## Task item:
The entries that follow include a run beginning at the line with "(* Myhill-Nerode, easy" and ending at the line with "L \<Longrightarrow> idx"; restate that run word for word and leave the rest out.

## Information given:
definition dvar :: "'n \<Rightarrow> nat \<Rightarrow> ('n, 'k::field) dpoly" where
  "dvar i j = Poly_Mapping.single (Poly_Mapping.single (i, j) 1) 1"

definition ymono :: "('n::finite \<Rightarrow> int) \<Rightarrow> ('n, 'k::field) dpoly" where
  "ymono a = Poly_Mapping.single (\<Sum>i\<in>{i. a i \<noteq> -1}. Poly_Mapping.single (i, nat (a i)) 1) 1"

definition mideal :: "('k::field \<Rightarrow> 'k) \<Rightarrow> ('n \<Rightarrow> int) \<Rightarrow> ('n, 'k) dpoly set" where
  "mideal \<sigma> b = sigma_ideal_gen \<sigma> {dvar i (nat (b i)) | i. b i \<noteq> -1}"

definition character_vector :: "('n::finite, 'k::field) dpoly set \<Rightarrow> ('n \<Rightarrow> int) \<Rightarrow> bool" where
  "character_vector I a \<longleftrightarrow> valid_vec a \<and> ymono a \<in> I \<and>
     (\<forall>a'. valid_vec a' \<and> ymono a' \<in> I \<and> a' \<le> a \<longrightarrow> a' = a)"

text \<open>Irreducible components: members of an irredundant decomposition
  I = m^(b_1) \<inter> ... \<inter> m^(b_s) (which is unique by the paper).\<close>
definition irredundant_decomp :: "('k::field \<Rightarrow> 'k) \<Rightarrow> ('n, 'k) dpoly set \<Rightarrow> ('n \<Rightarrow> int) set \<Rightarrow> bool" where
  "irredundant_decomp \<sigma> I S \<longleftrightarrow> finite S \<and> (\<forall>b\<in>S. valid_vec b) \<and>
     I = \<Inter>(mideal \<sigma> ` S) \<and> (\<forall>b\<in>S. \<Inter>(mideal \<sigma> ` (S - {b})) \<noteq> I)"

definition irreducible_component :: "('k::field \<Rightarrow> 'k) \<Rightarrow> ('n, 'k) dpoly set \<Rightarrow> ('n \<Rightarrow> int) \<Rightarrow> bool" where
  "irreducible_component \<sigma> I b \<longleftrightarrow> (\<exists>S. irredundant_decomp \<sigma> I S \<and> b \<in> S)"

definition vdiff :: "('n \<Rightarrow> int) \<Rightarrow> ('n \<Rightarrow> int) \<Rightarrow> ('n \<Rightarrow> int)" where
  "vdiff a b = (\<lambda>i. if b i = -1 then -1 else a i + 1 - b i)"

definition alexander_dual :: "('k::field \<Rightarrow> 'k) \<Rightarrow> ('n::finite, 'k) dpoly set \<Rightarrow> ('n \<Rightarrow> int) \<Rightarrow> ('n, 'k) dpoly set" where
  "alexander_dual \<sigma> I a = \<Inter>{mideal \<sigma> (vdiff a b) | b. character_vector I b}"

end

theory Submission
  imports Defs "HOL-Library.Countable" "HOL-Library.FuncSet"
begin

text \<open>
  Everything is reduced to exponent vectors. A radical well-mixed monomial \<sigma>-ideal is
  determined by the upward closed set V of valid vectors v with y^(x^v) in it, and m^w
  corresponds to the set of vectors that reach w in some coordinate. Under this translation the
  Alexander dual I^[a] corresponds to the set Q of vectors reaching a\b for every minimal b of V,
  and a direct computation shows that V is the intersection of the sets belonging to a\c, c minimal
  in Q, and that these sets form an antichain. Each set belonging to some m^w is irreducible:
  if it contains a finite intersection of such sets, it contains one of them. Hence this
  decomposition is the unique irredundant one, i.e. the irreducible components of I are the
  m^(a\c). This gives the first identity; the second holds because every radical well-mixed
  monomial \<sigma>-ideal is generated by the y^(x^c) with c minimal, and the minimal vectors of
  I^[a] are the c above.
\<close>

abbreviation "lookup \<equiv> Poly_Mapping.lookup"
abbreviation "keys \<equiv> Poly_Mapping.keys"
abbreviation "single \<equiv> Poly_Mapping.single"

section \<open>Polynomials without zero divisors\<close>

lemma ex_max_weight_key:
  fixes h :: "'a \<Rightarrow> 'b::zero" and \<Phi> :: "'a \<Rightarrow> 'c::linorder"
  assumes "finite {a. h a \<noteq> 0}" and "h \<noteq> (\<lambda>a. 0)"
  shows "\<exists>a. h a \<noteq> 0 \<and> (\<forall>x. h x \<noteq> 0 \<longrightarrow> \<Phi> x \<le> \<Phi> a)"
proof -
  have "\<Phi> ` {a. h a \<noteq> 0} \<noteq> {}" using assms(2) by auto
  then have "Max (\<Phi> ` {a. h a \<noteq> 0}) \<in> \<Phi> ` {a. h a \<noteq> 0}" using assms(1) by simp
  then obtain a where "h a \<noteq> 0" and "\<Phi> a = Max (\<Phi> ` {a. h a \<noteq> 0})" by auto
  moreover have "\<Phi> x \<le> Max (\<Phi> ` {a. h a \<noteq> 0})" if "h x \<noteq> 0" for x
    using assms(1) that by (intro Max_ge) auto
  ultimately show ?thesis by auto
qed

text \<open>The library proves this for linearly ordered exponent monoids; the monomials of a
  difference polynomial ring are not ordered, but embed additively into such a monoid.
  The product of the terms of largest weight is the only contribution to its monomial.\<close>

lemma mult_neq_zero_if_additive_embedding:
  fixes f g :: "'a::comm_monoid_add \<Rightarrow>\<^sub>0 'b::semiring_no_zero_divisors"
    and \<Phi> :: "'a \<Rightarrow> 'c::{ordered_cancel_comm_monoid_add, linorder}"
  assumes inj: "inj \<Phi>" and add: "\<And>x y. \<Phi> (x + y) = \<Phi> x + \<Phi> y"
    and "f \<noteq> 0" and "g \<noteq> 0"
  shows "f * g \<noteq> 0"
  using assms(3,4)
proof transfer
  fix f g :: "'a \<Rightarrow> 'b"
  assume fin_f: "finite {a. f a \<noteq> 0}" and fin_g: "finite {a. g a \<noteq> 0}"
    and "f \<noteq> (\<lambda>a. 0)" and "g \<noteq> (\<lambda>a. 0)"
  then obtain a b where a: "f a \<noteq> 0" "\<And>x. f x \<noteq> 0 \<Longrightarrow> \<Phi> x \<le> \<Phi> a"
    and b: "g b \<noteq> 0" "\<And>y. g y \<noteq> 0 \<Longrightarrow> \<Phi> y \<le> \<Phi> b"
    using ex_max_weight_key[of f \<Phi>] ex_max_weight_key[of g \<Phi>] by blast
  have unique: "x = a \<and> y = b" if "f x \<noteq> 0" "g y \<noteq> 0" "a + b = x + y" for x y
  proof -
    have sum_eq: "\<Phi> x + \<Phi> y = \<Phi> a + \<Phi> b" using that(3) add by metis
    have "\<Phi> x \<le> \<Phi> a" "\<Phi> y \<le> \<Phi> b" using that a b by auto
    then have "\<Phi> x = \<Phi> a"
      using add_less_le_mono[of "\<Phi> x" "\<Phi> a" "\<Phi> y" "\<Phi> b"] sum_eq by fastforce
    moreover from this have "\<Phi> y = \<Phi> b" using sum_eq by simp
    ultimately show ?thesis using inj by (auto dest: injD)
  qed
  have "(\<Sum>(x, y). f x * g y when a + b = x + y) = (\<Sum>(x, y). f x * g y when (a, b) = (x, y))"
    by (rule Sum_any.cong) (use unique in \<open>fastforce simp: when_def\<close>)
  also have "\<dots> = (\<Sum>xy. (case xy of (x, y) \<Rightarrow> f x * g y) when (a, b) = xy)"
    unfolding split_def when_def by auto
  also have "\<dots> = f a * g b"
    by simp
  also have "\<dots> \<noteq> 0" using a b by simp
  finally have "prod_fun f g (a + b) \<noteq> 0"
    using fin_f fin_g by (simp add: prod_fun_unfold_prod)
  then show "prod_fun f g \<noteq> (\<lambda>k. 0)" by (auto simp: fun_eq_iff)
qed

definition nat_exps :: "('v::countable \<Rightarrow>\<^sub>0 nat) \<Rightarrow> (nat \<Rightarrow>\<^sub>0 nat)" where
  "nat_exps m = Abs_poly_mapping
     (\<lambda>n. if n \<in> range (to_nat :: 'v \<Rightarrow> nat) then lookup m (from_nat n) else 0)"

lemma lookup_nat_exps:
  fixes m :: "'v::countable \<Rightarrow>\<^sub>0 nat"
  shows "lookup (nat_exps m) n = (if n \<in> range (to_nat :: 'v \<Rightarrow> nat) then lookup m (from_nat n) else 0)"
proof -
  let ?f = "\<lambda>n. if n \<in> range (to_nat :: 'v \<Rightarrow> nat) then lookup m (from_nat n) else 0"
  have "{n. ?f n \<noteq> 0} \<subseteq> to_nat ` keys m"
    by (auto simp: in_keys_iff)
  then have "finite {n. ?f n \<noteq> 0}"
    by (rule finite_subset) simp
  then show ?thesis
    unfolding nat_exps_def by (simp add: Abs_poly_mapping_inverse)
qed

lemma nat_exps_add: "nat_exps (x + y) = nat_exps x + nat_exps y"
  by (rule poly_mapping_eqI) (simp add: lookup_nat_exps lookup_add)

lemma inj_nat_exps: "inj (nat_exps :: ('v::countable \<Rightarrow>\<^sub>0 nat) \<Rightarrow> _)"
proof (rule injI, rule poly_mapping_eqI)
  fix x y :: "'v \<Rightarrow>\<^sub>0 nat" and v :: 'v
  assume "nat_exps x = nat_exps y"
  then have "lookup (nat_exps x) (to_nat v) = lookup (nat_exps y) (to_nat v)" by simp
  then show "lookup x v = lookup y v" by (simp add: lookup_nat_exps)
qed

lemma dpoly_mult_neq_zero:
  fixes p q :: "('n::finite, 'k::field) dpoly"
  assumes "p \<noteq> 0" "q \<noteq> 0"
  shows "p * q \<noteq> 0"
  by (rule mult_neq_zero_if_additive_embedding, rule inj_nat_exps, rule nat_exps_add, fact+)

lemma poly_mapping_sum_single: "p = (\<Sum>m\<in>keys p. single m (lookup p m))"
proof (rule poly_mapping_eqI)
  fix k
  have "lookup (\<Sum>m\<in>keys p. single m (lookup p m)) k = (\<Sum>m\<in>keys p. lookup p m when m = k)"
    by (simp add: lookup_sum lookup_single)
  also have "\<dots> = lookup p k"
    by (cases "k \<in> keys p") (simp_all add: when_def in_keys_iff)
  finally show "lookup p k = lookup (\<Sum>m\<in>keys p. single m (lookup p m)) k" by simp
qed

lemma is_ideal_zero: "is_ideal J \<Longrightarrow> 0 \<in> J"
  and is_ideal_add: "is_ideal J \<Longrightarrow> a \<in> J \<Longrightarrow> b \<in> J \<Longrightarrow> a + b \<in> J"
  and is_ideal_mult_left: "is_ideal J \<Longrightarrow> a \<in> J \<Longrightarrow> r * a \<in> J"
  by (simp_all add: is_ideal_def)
==
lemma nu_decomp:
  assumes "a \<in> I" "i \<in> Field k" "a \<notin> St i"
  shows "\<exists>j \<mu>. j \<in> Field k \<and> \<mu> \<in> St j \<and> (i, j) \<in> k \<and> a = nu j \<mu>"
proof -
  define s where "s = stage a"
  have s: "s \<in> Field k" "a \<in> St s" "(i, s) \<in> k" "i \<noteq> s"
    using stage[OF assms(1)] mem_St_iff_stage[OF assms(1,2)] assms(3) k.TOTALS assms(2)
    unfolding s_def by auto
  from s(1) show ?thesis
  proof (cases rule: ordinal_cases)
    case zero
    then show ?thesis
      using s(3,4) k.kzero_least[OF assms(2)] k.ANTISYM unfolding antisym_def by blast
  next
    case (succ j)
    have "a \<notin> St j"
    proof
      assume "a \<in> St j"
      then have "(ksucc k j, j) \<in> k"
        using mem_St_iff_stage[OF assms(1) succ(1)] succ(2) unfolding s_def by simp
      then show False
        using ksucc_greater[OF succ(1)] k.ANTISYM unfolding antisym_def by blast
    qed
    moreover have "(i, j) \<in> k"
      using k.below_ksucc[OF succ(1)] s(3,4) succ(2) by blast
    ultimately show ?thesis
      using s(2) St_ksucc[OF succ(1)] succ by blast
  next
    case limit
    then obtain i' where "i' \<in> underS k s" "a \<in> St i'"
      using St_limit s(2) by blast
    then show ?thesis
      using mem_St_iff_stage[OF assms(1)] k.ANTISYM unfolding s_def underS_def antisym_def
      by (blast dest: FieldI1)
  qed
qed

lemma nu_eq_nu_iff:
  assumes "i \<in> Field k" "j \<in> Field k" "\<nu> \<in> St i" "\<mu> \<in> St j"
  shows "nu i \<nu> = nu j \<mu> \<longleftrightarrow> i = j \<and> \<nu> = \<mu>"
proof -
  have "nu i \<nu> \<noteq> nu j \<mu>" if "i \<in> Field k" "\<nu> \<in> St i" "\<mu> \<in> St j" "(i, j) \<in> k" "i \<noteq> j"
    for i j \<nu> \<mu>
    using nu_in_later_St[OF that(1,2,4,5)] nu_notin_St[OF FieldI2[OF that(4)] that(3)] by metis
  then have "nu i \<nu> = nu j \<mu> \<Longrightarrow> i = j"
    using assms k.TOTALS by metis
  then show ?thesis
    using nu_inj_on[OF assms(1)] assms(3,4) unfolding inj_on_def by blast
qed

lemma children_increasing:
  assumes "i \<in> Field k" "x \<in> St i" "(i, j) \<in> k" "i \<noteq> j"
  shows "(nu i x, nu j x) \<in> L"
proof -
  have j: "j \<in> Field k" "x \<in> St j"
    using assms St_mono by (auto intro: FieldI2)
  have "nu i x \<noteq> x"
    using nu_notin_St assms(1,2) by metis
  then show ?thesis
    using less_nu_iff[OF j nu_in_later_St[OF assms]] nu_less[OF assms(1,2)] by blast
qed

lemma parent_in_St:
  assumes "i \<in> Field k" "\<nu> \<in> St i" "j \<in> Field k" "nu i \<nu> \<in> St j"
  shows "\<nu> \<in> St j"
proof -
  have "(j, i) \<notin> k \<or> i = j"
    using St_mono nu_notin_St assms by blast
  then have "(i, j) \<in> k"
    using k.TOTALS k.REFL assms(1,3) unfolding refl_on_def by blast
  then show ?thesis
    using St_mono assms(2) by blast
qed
* * *
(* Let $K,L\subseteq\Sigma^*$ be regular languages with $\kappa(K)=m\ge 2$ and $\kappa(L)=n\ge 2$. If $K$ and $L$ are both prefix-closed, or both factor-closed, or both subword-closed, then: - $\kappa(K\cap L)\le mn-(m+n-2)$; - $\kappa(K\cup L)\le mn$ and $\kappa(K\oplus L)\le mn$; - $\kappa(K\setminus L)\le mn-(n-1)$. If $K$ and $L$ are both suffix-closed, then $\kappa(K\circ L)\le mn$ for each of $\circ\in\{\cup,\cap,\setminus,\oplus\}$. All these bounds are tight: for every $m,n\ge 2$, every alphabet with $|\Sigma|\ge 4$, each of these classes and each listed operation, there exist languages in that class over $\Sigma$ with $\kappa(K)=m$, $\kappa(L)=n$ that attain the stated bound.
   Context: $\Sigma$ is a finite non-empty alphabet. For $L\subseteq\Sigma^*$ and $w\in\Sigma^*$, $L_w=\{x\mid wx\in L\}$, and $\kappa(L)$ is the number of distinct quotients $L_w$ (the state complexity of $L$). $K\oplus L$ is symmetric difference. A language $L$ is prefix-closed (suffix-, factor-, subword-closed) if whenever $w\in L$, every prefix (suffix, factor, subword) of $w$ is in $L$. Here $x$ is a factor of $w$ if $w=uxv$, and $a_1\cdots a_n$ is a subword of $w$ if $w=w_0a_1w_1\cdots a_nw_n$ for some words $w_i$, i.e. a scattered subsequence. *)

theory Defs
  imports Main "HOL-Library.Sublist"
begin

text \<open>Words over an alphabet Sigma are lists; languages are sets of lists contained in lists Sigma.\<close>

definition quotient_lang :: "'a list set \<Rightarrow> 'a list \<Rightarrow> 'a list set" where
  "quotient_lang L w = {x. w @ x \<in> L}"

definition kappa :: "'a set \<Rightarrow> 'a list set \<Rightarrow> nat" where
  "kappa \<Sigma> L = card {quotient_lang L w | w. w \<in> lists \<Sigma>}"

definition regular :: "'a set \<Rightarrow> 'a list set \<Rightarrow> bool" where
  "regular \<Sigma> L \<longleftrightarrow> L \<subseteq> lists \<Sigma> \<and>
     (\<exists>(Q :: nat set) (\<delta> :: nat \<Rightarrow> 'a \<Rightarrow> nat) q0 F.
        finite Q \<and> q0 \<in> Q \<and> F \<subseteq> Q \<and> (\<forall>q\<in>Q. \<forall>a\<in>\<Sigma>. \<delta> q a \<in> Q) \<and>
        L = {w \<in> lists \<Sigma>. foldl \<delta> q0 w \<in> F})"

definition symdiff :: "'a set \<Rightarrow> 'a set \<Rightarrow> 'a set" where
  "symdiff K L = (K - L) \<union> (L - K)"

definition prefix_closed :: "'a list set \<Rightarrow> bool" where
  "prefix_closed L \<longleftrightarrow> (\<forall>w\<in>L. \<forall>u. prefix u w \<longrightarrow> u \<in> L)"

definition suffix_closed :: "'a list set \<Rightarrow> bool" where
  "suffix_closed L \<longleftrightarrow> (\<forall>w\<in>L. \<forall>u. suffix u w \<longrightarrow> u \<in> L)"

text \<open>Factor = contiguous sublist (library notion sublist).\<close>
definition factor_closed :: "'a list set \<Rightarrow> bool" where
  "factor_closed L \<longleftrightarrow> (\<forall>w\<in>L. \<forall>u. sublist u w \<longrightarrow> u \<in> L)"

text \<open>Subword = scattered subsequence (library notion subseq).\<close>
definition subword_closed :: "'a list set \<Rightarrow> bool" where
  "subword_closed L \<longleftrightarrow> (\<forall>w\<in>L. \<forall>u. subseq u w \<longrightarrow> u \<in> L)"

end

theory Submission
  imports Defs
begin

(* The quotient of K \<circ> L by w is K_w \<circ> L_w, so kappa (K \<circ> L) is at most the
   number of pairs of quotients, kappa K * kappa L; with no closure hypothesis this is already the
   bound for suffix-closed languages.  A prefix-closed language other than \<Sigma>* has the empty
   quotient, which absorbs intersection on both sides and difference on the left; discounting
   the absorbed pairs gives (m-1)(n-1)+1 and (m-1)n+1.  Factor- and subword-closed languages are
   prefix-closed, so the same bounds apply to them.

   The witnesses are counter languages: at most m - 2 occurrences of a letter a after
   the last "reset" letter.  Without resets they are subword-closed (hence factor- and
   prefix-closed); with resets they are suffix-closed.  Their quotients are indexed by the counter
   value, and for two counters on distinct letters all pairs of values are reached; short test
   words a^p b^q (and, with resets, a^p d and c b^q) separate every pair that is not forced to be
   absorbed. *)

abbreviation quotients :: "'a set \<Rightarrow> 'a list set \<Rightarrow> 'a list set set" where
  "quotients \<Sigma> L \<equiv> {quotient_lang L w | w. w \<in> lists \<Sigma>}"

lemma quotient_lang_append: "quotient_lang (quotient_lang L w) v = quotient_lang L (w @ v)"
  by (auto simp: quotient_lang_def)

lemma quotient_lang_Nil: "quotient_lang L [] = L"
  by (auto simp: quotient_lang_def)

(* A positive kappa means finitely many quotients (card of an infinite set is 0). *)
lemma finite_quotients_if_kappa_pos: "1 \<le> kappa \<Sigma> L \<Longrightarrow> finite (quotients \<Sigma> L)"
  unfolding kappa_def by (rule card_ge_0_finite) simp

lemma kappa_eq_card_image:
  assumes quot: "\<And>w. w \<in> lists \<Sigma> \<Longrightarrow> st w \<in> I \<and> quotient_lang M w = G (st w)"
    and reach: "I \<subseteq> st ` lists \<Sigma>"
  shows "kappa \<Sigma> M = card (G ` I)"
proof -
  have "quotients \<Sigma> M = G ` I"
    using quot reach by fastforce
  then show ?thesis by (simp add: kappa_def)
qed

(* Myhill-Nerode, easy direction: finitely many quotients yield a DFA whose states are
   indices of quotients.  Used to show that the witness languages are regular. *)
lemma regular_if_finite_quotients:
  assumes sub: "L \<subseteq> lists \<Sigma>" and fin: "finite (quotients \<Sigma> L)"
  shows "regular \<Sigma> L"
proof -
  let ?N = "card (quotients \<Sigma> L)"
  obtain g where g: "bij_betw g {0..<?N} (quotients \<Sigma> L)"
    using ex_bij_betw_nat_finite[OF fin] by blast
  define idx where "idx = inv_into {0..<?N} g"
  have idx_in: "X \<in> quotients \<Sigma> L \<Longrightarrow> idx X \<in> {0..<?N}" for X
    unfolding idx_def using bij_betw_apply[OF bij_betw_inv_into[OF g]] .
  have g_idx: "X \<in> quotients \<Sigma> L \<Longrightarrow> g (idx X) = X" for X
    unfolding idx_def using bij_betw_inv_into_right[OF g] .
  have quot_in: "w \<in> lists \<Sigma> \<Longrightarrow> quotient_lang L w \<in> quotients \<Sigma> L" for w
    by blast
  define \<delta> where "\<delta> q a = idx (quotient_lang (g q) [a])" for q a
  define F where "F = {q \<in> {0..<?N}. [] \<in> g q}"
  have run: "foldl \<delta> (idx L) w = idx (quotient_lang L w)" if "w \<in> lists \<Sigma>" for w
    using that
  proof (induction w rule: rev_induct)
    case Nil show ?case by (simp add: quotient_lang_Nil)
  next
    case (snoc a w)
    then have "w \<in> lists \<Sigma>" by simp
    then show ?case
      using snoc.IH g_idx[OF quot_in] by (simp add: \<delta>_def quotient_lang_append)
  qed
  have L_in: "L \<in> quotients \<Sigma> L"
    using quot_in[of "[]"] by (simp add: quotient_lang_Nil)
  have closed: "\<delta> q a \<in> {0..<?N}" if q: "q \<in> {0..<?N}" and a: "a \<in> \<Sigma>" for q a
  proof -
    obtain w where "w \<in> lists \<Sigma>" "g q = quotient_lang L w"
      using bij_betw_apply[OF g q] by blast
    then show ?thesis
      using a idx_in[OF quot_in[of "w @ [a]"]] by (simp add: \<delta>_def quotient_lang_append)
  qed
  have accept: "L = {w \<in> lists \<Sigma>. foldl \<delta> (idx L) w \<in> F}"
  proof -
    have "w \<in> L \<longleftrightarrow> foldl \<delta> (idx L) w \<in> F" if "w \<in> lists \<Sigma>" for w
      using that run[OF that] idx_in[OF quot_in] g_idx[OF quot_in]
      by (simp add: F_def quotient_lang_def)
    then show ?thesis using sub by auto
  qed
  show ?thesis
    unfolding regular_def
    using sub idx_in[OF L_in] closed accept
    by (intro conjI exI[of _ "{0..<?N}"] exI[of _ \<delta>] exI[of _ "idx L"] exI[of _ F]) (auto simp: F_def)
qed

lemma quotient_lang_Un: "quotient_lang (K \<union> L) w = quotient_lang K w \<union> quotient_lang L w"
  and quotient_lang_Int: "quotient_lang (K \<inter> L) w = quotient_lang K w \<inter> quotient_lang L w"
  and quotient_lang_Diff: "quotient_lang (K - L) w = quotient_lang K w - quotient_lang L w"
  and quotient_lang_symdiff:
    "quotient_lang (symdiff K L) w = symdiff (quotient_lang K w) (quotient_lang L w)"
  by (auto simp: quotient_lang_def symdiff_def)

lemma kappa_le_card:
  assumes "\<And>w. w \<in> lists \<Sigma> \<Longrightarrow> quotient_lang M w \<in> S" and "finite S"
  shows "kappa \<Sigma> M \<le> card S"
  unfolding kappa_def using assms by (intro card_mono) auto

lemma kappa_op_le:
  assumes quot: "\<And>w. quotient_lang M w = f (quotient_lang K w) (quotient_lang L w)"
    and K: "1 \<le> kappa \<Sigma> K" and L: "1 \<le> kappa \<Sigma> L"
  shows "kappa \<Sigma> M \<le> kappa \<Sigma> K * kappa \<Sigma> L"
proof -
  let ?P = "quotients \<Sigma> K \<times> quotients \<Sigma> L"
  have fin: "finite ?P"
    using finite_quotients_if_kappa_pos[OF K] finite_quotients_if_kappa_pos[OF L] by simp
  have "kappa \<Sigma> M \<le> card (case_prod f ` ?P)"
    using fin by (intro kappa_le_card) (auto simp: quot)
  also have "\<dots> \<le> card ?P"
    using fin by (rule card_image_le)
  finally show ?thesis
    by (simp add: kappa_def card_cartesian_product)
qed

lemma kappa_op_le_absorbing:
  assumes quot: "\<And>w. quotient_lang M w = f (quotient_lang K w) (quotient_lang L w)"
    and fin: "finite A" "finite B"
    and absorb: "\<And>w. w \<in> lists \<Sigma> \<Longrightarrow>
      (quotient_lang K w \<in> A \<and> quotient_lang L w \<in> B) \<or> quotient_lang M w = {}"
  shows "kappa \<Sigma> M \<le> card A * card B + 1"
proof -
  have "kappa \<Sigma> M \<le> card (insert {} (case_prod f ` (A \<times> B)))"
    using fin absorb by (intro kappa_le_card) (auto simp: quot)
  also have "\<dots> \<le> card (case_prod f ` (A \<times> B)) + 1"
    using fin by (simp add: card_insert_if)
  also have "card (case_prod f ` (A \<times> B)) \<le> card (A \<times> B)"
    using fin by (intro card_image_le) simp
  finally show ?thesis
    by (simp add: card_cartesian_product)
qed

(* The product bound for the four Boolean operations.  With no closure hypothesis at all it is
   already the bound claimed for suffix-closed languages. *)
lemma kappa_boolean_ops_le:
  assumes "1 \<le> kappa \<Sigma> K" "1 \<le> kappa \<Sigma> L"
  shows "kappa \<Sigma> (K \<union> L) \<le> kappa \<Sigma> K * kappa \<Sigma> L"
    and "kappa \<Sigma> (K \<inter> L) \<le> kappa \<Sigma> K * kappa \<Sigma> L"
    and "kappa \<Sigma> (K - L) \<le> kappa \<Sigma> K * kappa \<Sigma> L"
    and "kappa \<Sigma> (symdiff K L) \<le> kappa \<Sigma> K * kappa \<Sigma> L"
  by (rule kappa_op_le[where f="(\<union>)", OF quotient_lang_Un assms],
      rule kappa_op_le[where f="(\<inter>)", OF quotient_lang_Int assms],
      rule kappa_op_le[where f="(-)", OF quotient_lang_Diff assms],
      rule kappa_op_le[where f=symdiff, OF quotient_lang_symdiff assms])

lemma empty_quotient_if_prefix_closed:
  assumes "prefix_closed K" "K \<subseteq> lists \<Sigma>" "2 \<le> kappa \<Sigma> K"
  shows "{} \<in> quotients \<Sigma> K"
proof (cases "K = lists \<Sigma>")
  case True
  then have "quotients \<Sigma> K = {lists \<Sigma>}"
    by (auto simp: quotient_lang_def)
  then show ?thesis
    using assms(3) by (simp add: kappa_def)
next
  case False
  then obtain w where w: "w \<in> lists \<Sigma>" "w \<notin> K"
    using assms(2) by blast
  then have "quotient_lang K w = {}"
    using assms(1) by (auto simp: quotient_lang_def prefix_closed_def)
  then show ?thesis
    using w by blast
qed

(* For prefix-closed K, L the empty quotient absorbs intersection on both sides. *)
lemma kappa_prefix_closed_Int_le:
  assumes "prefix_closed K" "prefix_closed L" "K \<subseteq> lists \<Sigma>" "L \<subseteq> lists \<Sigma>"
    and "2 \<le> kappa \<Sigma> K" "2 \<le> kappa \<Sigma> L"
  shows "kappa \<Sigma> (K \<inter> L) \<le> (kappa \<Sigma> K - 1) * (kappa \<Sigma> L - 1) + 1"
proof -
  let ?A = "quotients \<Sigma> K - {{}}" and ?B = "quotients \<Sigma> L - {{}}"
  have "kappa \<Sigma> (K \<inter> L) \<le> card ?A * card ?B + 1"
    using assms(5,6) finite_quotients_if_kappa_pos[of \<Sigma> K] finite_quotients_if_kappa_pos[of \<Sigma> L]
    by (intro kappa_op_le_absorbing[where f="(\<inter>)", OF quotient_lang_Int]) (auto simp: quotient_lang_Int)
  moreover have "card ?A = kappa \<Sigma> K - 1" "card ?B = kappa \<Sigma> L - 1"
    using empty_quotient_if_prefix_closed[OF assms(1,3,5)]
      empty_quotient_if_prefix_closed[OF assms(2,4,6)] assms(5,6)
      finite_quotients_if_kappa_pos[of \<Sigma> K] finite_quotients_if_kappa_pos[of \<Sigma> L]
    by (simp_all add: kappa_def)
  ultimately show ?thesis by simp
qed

## Task response:
(* Myhill-Nerode, easy direction: finitely many quotients yield a DFA whose states are
   indices of quotients.  Used to show that the witness languages are regular. *)
lemma regular_if_finite_quotients:
  assumes sub: "L \<subseteq> lists \<Sigma>" and fin: "finite (quotients \<Sigma> L)"
  shows "regular \<Sigma> L"
proof -
  let ?N = "card (quotients \<Sigma> L)"
  obtain g where g: "bij_betw g {0..<?N} (quotients \<Sigma> L)"
    using ex_bij_betw_nat_finite[OF fin] by blast
  define idx where "idx = inv_into {0..<?N} g"
  have idx_in: "X \<in> quotients \<Sigma> L \<Longrightarrow> idx X \<in> {0..<?N}" for X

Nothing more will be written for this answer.